Эрик Фёгелин о чародействе Гегеля

Гегель, фигура колоссальная и противоречивая, предстает в интерпретации Эрика Фёгелина не просто философом, но чародеем, заклинающим историю в попытке преодолеть "скуку мира" – духовное опустошение, рожденное утратой божественного. Его философия, пронизанная мессианскими амбициями, стремится не только диагностировать разорванность человеческой экзистенции, но и преобразовать ее, возведя философа в ранг нового Христа. Это эссе, опираясь на анализ Фёгелина, исследует ключевые идеи Гегеля о "скуке мира", его концепцию философии как новой религии и роковые последствия его попытки стать "человеком-богом".

Гегель, по Фёгелину, фиксирует состояние, которое он называет "скукой мира" – экзистенциальную тоску, возникающую, когда боги покидают мир. Это состояние, описанное в "Системе нравственности" (1804–1806), проявляется дважды в истории: в античности после триумфа Римской империи и в Новое время после Реформации. В обоих случаях разрушение прежних духовных основ – будь то свободные государства античности или католическая "поэзия священного" – приводит к утрате жизненности духа. Мир становится "будничным", лишенным освящения, а человеческое существование – разорванным между внутренней духовностью и внешней эмпирической реальностью.

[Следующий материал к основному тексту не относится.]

lemma substack_hist_step:
  assumes so: "dpda_step n \<delta> c c'" and v: "valid_pos (snd c') y" and E: "E < n"
    and ne: "hist_step n \<delta> c c' (take (Suc E) y) \<noteq> take (Suc E) (toppath (snd c))"
  shows "substack (snd c') (take (Suc E) y) = substack (snd c) (hist_step n \<delta> c c' (take (Suc E) y))"
  using so
proof (cases rule: dpda_step_cases)
  case rd then show ?thesis by simp
next
  case (pp q k)
  with ne have "\<not> (E < n - k \<and> take (Suc E) y = take (Suc E) (toppath (snd c)))" by simp
  from substack_pop_d[OF dpda_step_proper(1)[OF so] _ pp(4) v this] pp show ?thesis by simp
next
  case (ps q k g)
  then show ?thesis
    using substack_hist_step_push[OF so ps(1) v E push_hist_step_not_top[OF so ps(1) ne]] by simp
qed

Гегель видит в этом разрыве не только трагедию, но и возможность. "Скука мира" – это катализатор появления новых религий. Христос, по Гегелю, примирил античную разорванность через воплощение Бога в человеке, а Реформация, устранив "субботу мира", подготовила почву для новой формы примирения – философии. Философия, по замыслу Гегеля, становится "третьей религией", наследующей католицизму и протестантизму. Она призвана вернуть "разуму его жизненность, а природе – ее духовность", преодолев разорванность через самосознание духа. Но кто станет основателем этой новой религии? Фёгелин намекает: сам Гегель, возомнивший себя мессией.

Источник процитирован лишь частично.